_Task statement_
Would you transcribe all of the data exactly, down to the last character?

_Provided material_

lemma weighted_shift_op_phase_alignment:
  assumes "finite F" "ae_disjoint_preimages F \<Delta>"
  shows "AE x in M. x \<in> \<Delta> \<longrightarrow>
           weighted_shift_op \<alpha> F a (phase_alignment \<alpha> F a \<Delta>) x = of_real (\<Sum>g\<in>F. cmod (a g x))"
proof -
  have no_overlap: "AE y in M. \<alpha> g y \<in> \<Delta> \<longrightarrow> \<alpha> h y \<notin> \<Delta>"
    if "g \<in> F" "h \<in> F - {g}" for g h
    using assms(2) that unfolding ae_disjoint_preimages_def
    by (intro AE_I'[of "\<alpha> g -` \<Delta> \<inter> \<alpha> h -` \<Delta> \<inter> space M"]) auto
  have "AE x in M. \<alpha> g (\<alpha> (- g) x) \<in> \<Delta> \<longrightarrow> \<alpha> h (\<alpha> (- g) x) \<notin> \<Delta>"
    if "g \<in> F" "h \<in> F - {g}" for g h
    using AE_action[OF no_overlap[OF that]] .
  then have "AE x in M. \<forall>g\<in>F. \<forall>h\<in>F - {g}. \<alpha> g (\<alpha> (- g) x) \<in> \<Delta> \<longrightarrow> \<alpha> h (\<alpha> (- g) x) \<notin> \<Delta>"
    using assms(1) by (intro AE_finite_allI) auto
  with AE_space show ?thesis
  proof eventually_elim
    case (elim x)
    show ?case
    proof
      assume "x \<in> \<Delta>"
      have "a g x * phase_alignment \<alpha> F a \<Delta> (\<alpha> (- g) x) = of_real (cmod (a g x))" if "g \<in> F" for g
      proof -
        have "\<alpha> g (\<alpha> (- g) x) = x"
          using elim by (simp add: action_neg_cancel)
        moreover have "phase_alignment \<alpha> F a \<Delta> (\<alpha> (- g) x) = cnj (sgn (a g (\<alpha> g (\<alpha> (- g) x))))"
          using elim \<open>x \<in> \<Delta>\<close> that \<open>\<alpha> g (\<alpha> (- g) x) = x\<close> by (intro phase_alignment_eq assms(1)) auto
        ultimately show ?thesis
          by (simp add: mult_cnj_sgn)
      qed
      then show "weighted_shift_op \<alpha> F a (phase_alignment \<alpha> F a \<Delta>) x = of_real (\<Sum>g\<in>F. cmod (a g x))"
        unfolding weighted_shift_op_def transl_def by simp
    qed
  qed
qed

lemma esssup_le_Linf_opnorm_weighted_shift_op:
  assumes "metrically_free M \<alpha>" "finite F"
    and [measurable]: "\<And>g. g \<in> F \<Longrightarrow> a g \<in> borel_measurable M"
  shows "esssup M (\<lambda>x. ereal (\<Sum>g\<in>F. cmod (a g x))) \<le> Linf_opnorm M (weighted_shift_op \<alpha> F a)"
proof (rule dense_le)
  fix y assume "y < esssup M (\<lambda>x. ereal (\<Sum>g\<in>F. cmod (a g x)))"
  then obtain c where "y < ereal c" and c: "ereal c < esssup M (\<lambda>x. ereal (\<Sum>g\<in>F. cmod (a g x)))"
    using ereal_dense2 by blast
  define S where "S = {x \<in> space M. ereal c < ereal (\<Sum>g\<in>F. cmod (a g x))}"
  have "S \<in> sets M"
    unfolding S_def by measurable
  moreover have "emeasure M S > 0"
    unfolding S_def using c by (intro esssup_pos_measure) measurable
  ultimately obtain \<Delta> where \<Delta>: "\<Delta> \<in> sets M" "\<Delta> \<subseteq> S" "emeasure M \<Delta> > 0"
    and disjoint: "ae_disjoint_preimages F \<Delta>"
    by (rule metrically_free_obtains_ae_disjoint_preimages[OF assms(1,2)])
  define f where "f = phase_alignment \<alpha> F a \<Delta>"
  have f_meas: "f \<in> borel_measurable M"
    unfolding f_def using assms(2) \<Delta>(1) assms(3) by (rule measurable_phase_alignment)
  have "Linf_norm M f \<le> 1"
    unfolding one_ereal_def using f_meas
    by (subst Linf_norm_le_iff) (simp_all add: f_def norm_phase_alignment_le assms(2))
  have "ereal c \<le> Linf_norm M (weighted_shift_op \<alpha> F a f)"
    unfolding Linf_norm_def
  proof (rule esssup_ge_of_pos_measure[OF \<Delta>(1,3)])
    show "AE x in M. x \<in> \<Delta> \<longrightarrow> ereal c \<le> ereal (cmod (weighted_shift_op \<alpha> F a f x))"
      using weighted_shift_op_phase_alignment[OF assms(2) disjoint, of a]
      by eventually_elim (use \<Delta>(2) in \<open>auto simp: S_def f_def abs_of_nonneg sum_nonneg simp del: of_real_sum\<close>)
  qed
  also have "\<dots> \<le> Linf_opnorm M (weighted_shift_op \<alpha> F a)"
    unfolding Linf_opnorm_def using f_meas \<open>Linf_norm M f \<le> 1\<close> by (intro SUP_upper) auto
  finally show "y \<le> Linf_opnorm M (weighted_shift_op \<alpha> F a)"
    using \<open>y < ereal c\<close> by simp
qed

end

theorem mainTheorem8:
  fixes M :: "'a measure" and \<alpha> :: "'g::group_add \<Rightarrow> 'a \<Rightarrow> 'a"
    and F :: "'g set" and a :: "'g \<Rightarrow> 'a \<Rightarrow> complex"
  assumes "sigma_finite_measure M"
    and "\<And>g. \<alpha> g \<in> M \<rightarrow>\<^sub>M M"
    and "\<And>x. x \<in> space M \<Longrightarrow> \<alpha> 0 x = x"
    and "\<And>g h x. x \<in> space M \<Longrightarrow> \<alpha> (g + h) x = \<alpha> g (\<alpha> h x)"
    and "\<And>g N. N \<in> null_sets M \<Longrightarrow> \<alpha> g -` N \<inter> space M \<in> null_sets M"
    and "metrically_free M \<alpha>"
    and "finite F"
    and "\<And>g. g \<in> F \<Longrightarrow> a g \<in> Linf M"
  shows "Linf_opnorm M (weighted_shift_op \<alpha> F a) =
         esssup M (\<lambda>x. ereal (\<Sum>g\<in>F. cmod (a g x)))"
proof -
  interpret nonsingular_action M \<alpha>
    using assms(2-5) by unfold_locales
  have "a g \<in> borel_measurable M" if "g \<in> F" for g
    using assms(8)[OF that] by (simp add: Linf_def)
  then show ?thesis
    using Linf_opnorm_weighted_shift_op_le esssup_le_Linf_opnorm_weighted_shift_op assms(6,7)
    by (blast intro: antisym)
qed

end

_Answer_
lemma weighted_shift_op_phase_alignment:
  assumes "finite F" "ae_disjoint_preimages F \<Delta>"
  shows "AE x in M. x \<in> \<Delta> \<longrightarrow>
           weighted_shift_op \<alpha> F a (phase_alignment \<alpha> F a \<Delta>) x = of_real (\<Sum>g\<in>F. cmod (a g x))"
proof -
  have no_overlap: "AE y in M. \<alpha> g y \<in> \<Delta> \<longrightarrow> \<alpha> h y \<notin> \<Delta>"
    if "g \<in> F" "h \<in> F - {g}" for g h
    using assms(2) that unfolding ae_disjoint_preimages_def
    by (intro AE_I'[of "\<alpha> g -` \<Delta> \<inter> \<alpha> h -` \<Delta> \<inter> space M"]) auto
  have "AE x in M. \<alpha> g (\<alpha> (- g) x) \<in> \<Delta> \<longrightarrow> \<alpha> h (\<alpha> (- g) x) \<notin> \<Delta>"
    if "g \<in> F" "h \<in> F - {g}" for g h
    using AE_action[OF no_overlap[OF that]] .
  then have "AE x in M. \<forall>g\<in>F. \<forall>h\<in>F - {g}. \<alpha> g (\<alpha> (- g) x) \<in> \<Delta> \<longrightarrow> \<alpha> h (\<alpha> (- g) x) \<notin> \<Delta>"
    using assms(1) by (intro AE_finite_allI) auto
  with AE_space show ?thesis
  proof eventually_elim
    case (elim x)
    show ?case
    proof
      assume "x \<in> \<Delta>"
      have "a g x * phase_alignment \<alpha> F a \<Delta> (\<alpha> (- g) x) = of_real (cmod (a g x))" if "g \<in> F" for g
      proof -
        have "\<alpha> g (\<alpha> (- g) x) = x"
          using elim by (simp add: action_neg_cancel)
        moreover have "phase_alignment \<alpha> F a \<Delta> (\<alpha> (- g) x) = cnj (sgn (a g (\<alpha> g (\<alpha> (- g) x))))"
          using elim \<open>x \<in> \<Delta>\<close> that \<open>\<alpha> g (\<alpha> (- g) x) = x\<close> by (intro phase_alignment_eq assms(1)) auto
        ultimately show ?thesis
          by (simp add: mult_cnj_sgn)
      qed
      then show "weighted_shift_op \<alpha> F a (phase_alignment \<alpha> F a \<Delta>) x = of_real (\<Sum>g\<in>F. cmod (a g x))"
        unfolding weighted_shift_op_def transl_def by simp
    qed
  qed
qed

lemma esssup_le_Linf_opnorm_weighted_shift_op:
  assumes "metrically_free M \<alpha>" "finite F"
    and [measurable]: "\<And>g. g \<in> F \<Longrightarrow> a g \<in> borel_measurable M"
  shows "esssup M (\<lambda>x. ereal (\<Sum>g\<in>F. cmod (a g x))) \<le> Linf_opnorm M (weighted_shift_op \<alpha> F a)"
proof (rule dense_le)
  fix y assume "y < esssup M (\<lambda>x. ereal (\<Sum>g\<in>F. cmod (a g x)))"
  then obtain c where "y < ereal c" and c: "ereal c < esssup M (\<lambda>x. ereal (\<Sum>g\<in>F. cmod (a g x)))"
    using ereal_dense2 by blast
  define S where "S = {x \<in> space M. ereal c < ereal (\<Sum>g\<in>F. cmod (a g x))}"
  have "S \<in> sets M"
    unfolding S_def by measurable
  moreover have "emeasure M S > 0"
    unfolding S_def using c by (intro esssup_pos_measure) measurable
  ultimately obtain \<Delta> where \<Delta>: "\<Delta> \<in> sets M" "\<Delta> \<subseteq> S" "emeasure M \<Delta> > 0"
    and disjoint: "ae_disjoint_preimages F \<Delta>"
    by (rule metrically_free_obtains_ae_disjoint_preimages[OF assms(1,2)])
  define f where "f = phase_alignment \<alpha> F a \<Delta>"
  have f_meas: "f \<in> borel_measurable M"
    unfolding f_def using assms(2) \<Delta>(1) assms(3) by (rule measurable_phase_alignment)
  have "Linf_norm M f \<le> 1"
    unfolding one_ereal_def using f_meas
    by (subst Linf_norm_le_iff) (simp_all add: f_def norm_phase_alignment_le assms(2))
  have "ereal c \<le> Linf_norm M (weighted_shift_op \<alpha> F a f)"
    unfolding Linf_norm_def
  proof (rule esssup_ge_of_pos_measure[OF \<Delta>(1,3)])
    show "AE x in M. x \<in> \<Delta> \<longrightarrow> ereal c \<le> ereal (cmod (weighted_shift_op \<alpha> F a f x))"
      using weighted_shift_op_phase_alignment[OF assms(2) disjoint, of a]
      by eventually_elim (use \<Delta>(2) in \<open>auto simp: S_def f_def abs_of_nonneg sum_nonneg simp del: of_real_sum\<close>)
  qed
  also have "\<dots> \<le> Linf_opnorm M (weighted_shift_op \<alpha> F a)"
    unfolding Linf_opnorm_def using f_meas \<open>Linf_norm M f \<le> 1\<close> by (intro SUP_upper) auto
  finally show "y \<le> Linf_opnorm M (weighted_shift_op \<alpha> F a)"
    using \<open>y < ereal c\<close> by simp
qed

end

theorem mainTheorem8:
  fixes M :: "'a measure" and \<alpha> :: "'g::group_add \<Rightarrow> 'a \<Rightarrow> 'a"
    and F :: "'g set" and a :: "'g \<Rightarrow> 'a \<Rightarrow> complex"
  assumes "sigma_finite_measure M"
    and "\<And>g. \<alpha> g \<in> M \<rightarrow>\<^sub>M M"
    and "\<And>x. x \<in> space M \<Longrightarrow> \<alpha> 0 x = x"
    and "\<And>g h x. x \<in> space M \<Longrightarrow> \<alpha> (g + h) x = \<alpha> g (\<alpha> h x)"
    and "\<And>g N. N \<in> null_sets M \<Longrightarrow> \<alpha> g -` N \<inter> space M \<in> null_sets M"
    and "metrically_free M \<alpha>"
    and "finite F"
    and "\<And>g. g \<in> F \<Longrightarrow> a g \<in> Linf M"
  shows "Linf_opnorm M (weighted_shift_op \<alpha> F a) =
         esssup M (\<lambda>x. ereal (\<Sum>g\<in>F. cmod (a g x)))"
proof -
  interpret nonsingular_action M \<alpha>
    using assms(2-5) by unfold_locales
  have "a g \<in> borel_measurable M" if "g \<in> F" for g
    using assms(8)[OF that] by (simp add: Linf_def)
  then show ?thesis
    using Linf_opnorm_weighted_shift_op_le esssup_le_Linf_opnorm_weighted_shift_op assms(6,7)
    by (blast intro: antisym)
qed

end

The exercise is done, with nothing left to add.